Showing posts with label Death. Show all posts
Showing posts with label Death. Show all posts

Tuesday, June 24, 2014

Back

Last Wednesday made a month since I've posted anything on this blog. What can I say, life has been kicking my butt, or at least trying.

In the past month I quit the soup kitchen gig
, and started at a gas station; lost a dear friend to suicide and felt the scariness of not knowing Jesus; celebrated with my sister at her wedding and saw the passion of ministry in my husbands eyes again; graduated with my certification as a spiritual director and started back at running. 

Life has been trying to kick my butt, but the cool part of it is I am getting those Ah-ha moments, and I gotta tell ya, I feel like I'm starting to come back into my own skin. Or at least, I'm starting to breath again. So there is an urge to write. 

So I write and I think. 

Sometimes life is just flat out hard people! Not just for me, but for us all!  


Allow the Holy Spirit to lead you today and see what happens. 

Monday, June 24, 2013

Fearless?

So we start another week. Do we have to? Well, yes, we do, cuz I don't want to  stay around in last week, do you?


I want to say a few more words about fear. It really is an easy topic to talk about because so many of us are eat up with it. We like to think we aren't, we like to think we are brave and courageous. That we have No Fear, (wasn't that a logo a while back?) which would be the absence of fear.

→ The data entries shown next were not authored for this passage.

lemma hadamard_state_index:
  assumes x: "x < 2 ^ n" and i: "i < 2 ^ n" and j: "j < 2 ^ n"
  shows "hadamard_state n x $$ (i, j) = hadamard_n n $$ (i, x) * cnj (hadamard_n n $$ (j, x))"
proof -
  let ?H = "hadamard_n n"
  have HK: "(?H * ketbra (2 ^ n) x) $$ (i, t) = (if t = x then ?H $$ (i, x) else 0)" if t: "t < 2 ^ n" for t
  proof -
    have "(?H * ketbra (2 ^ n) x) $$ (i, t) = (\<Sum>k<2 ^ n. ?H $$ (i, k) * ketbra (2 ^ n) x $$ (k, t))"
      by (rule mult_mat_index_sum[OF hadamard_n_carrier ketbra_carrier i t])
    also have "\<dots> = (\<Sum>k<2 ^ n. if k = x then (if t = x then ?H $$ (i, x) else 0) else 0)"
      by (intro sum.cong refl) (use t in \<open>auto simp: ketbra_def\<close>)
    finally show ?thesis using x by simp
  qed
  have "hadamard_state n x $$ (i, j) = (\<Sum>t<2 ^ n. (?H * ketbra (2 ^ n) x) $$ (i, t) * adj ?H $$ (t, j))"
    unfolding hadamard_state_def
    by (rule mult_mat_index_sum[OF mult_carrier_mat[OF hadamard_n_carrier ketbra_carrier]
          adj_carrier[OF hadamard_n_carrier] i j])
  also have "\<dots> = (\<Sum>t<2 ^ n. if t = x then ?H $$ (i, x) * cnj (?H $$ (j, x)) else 0)"
    using j carrier_matD[OF hadamard_n_carrier[of n]] by (intro sum.cong refl) (simp add: HK)
  also have "\<dots> = ?H $$ (i, x) * cnj (?H $$ (j, x))"
    using x by simp
  finally show ?thesis .
qed

lemma hadamard_state_diag: "x < 2 ^ n \<Longrightarrow> i < 2 ^ n \<Longrightarrow> hadamard_state n x $$ (i, i) = 1 / 2 ^ n"
  using hadamard_n_index_norm[of i n x]
  by (simp add: hadamard_state_index complex_norm_square[symmetric] del: of_real_power) simp

lemma density_hadamard_state:
  assumes x: "x < 2 ^ n"
  shows "density (2 ^ n) (hadamard_state n x)"
  unfolding density_def
proof (intro conjI allI)
  let ?H = "hadamard_n n"
  show "hadamard_state n x \<in> carrier_mat (2 ^ n) (2 ^ n)" by simp
  show "adj (hadamard_state n x) = hadamard_state n x"
    unfolding hadamard_state_def using adj_sandwich[OF hadamard_n_carrier ketbra_carrier] by simp
  fix v :: "nat \<Rightarrow> complex"
  define s where "s = (\<Sum>i<2 ^ n. cnj (v i) * ?H $$ (i, x))"
  have "(\<Sum>i<2 ^ n. \<Sum>j<2 ^ n. cnj (v i) * hadamard_state n x $$ (i, j) * v j)
      = (\<Sum>i<2 ^ n. \<Sum>j<2 ^ n. (cnj (v i) * ?H $$ (i, x)) * (v j * cnj (?H $$ (j, x))))"
    by (intro sum.cong refl) (simp add: hadamard_state_index[OF x] mult_ac)
  also have "\<dots> = s * cnj s"
    by (simp add: s_def sum_product cnj_sum)
  also have "\<dots> = complex_of_real ((cmod s)\<^sup>2)" by (rule complex_norm_square[symmetric])
  finally show "0 \<le> Re (\<Sum>i<2 ^ n. \<Sum>j<2 ^ n. cnj (v i) * hadamard_state n x $$ (i, j) * v j)" by simp
next
  show "mtrace (hadamard_state n x) = 1"
    using carrier_matD[OF hadamard_state_carrier[of n x]] by (simp add: mtrace_def hadamard_state_diag[OF x])
qed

Fearlessness in not the same as the absence of fear. When we are fearless, we are very much aware of the fear we face. I think about it this way. When we lived in Hawaii, I was afraid of two things. Getting burned alive by a volcano eruptions and the high dive at the pool. Now we lived on Oahu, and the active volcano was on the Big Island, but I was still had this fear. One year, we took a family trip to the Big Island and they have a chair called Pele's chair. (Pele is the goddess of the volcano.) You could sit in this chair and make a wish. My sister did just that and wished the volcano would erupt, because it had been thinking about it for years, but hadn't busted through the surface. So what do you think happened? Yes, my fear had come to life, we were going to die from this eruption and it was going to hurt really bad!

So what does my family do? You would think we would get on the first plane out of there and head to Alaska! BUT NO!!! We pack up and drive right down where the hot action is so the kids could see this once in a life time flowing of melted earth! You know what happened when we got there? It was hot, hotter than anything I had ever experienced, but it was also beautiful. In fact it took my breath away at life in the making.

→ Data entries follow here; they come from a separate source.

lemma cholo_add:
  assumes "cholo sc F U" "cholo sc G U"
  shows "cholo sc (\<lambda>y. F y + G y) U"
  unfolding cholo_def
proof
  fix z assume "z \<in> U"
  then obtain L1 L2 where "(F has_derivative L1) (at z)" "\<forall>c v. L1 (sc c v) = c * L1 v"
    "(G has_derivative L2) (at z)" "\<forall>c v. L2 (sc c v) = c * L2 v"
    using assms unfolding cholo_def by meson
  then show "\<exists>L. ((\<lambda>y. F y + G y) has_derivative L) (at z) \<and> (\<forall>c v. L (sc c v) = c * L v)"
    by (intro exI[of _ "\<lambda>v. L1 v + L2 v"]) (auto intro: has_derivative_add simp: algebra_simps)
qed

lemma cholo_mult:
  assumes "cholo sc F U" "cholo sc G U"
  shows "cholo sc (\<lambda>y. F y * G y) U"
  unfolding cholo_def
proof
  fix z assume "z \<in> U"
  then obtain L1 L2 where "(F has_derivative L1) (at z)" "\<forall>c v. L1 (sc c v) = c * L1 v"
    "(G has_derivative L2) (at z)" "\<forall>c v. L2 (sc c v) = c * L2 v"
    using assms unfolding cholo_def by meson
  then show "\<exists>L. ((\<lambda>y. F y * G y) has_derivative L) (at z) \<and> (\<forall>c v. L (sc c v) = c * L v)"
    by (intro exI[of _ "\<lambda>v. F z * L2 v + L1 v * G z"] conjI has_derivative_mult)
      (simp_all add: algebra_simps)
qed

lemma is_germ_combine:
  assumes "\<And>F G U. cholo sc F U \<Longrightarrow> cholo sc G U \<Longrightarrow> cholo sc (\<lambda>y. bop (F y) (G y)) U"
    and "is_germ sc S a f" "is_germ sc S a g"
  shows "is_germ sc S a (\<lambda>y. bop (f y) (g y))"
proof -
  obtain U1 F1 U2 F2 where "open U1" "a \<in> U1" "cholo sc F1 U1" "\<forall>y\<in>S \<inter> U1. f y = F1 y"
    "open U2" "a \<in> U2" "cholo sc F2 U2" "\<forall>y\<in>S \<inter> U2. g y = F2 y"
    using assms(2,3) unfolding is_germ_def by meson
  then show ?thesis
    unfolding is_germ_def
    by (intro exI[of _ "U1 \<inter> U2"] exI[of _ "\<lambda>y. bop (F1 y) (F2 y)"])
      (auto intro: assms(1) cholo_subset)
qed

lemmas is_germ_add = is_germ_combine[OF cholo_add]
lemmas is_germ_mult = is_germ_combine[OF cholo_mult]

lemma is_germ_const: "is_germ sc S a (\<lambda>_. c)"
  unfolding is_germ_def cholo_def
  by (intro exI[of _ UNIV] exI[of _ "\<lambda>_. c"]) (auto intro!: exI[of _ "\<lambda>_. 0"])

lemma is_germ_linear:
  assumes "bounded_linear L" "\<forall>c v. L (sc c v) = c * L v"
  shows "is_germ sc S a L"
  unfolding is_germ_def cholo_def
  using assms bounded_linear_imp_has_derivative by (intro exI[of _ UNIV] exI[of _ L]) blast

lemma is_germ_coordinate: "is_germ sc_vec S a (\<lambda>z. z $ i)"
  by (rule is_germ_linear) (auto intro: bounded_linear_vec_nth simp: sc_vec_def)

lemma is_germ_coordinate_diff: "is_germ sc_pair S a (\<lambda>w. fst w $ i - snd w $ i)"
  by (rule is_germ_linear)
    (auto intro!: bounded_linear_sub bounded_linear_compose[OF bounded_linear_vec_nth]
      bounded_linear_fst bounded_linear_snd simp: sc_pair_def algebra_simps)

lemma gen_ideal_zero: "(\<lambda>_. 0) \<in> gen_ideal sc S a G"
  unfolding gen_ideal_def by (rule CollectI, rule exI[of _ "{}"]) (auto intro: exI[of _ UNIV])

lemma gen_ideal_generator: "t \<in> G \<Longrightarrow> t \<in> gen_ideal sc S a G"
  unfolding gen_ideal_def
  by (rule CollectI, rule exI[of _ "{t}"], rule exI[of _ "\<lambda>_ _. 1"])
    (auto intro: exI[of _ UNIV] is_germ_const)

lemma gen_ideal_local_cong:
  assumes "h \<in> gen_ideal sc S a G" "open U" "a \<in> U" "\<forall>y\<in>S \<inter> U. h' y = h y"
  shows "h' \<in> gen_ideal sc S a G"
proof -
  obtain T c V where "finite T" "T \<subseteq> G" "\<forall>t\<in>T. is_germ sc S a (c t)"
    "open V" "a \<in> V" "\<forall>y\<in>S \<inter> V. h y = (\<Sum>t\<in>T. c t y * t y)"
    using assms(1) unfolding gen_ideal_def by blast
  with assms(2-4) show ?thesis
    unfolding gen_ideal_def by (intro CollectI exI[of _ T] exI[of _ c] conjI exI[of _ "U \<inter> V"]) auto
qed

lemma gen_ideal_mult:
  assumes "is_germ sc S a q" "h \<in> gen_ideal sc S a G"
  shows "(\<lambda>y. q y * h y) \<in> gen_ideal sc S a G"
proof -
  obtain T c U where "finite T" "T \<subseteq> G" "\<forall>t\<in>T. is_germ sc S a (c t)"
    "open U" "a \<in> U" "\<forall>y\<in>S \<inter> U. h y = (\<Sum>t\<in>T. c t y * t y)"
    using assms(2) unfolding gen_ideal_def by blast
  with assms(1) show ?thesis
    unfolding gen_ideal_def
    by (intro CollectI exI[of _ T] exI[of _ "\<lambda>t y. q y * c t y"] conjI exI[of _ U])
      (auto intro: is_germ_mult simp: sum_distrib_left mult.assoc)
qed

Now the high dive, it was a horse of a different color. It couldn't come after me, I had to go to it. I had to look at this long and hard. I did, one day, climb those bazillion steps up to the top and I jumped off without killing myself. I became aware of my fear and saw it as a compass more than a barrier. (I did not know all this wisdom at the time, I was in the 3rd grade)

Fear can become a way to know what to do next, not an evil demon to be extinguished!  

When we deny our fear, we make it stronger.

When we reassure the voice in our head, that everything is going to be ok, we actually reinforce it.

Pushing back on fear doesn't make us brave and it doesn't make us fearless. Acknowledging fear and moving on is a very different approach, one that allows it to exist without strengthening it.

Life without fear doesn't last very long, you'll be run over by a bus (or someone one in the church) before you know it. The fearless person, on the other hand, sees the world as it is (fear included) and then makes smart (and brave) decisions.

Saturday, April 13, 2013

Service

We had a service of Thanksgiving yesterday. What struck me the most, and what continues to  blow my mind, is the awe I have for the men and women who serve our country. This picture is of the group of Vet's that stood, with flags, at the entrance of the church and escorted the urn, via bikes, to the cemetery.

I walked up to each of these service men, dressed in their riding leathers, bandana's and sunglasses, shook their hands, looked them in the eye, and thanked them for their service. They each said, It is my honor to be here! It brings tears to my eyes even as I write this.  

Being the driver of the Pastor, put's me in a unique position in the line of cars, I drive the lead car. The Pastor leads the family and friends to the grave site. He's the Shepard.

Upon our arrival, active Air Force men stood at attention. The Vet's unloaded, got their flags and surrounded the area. A silent protection. After Preacher man was done, the Air Force refolded the flag and presented it to the wife. This was followed by a 21 gun salute and the playing of Taps. Full military honors.

The thing that struck me the most, was watching Preacher man through all this. See, before he was Preacher man, he was Army man for a while. So when they said Present Arms I could see, under the robe, Preacher man's arm want to jump up there. But he has a higher calling now. The uniform he wears now, is of a Holy cloth.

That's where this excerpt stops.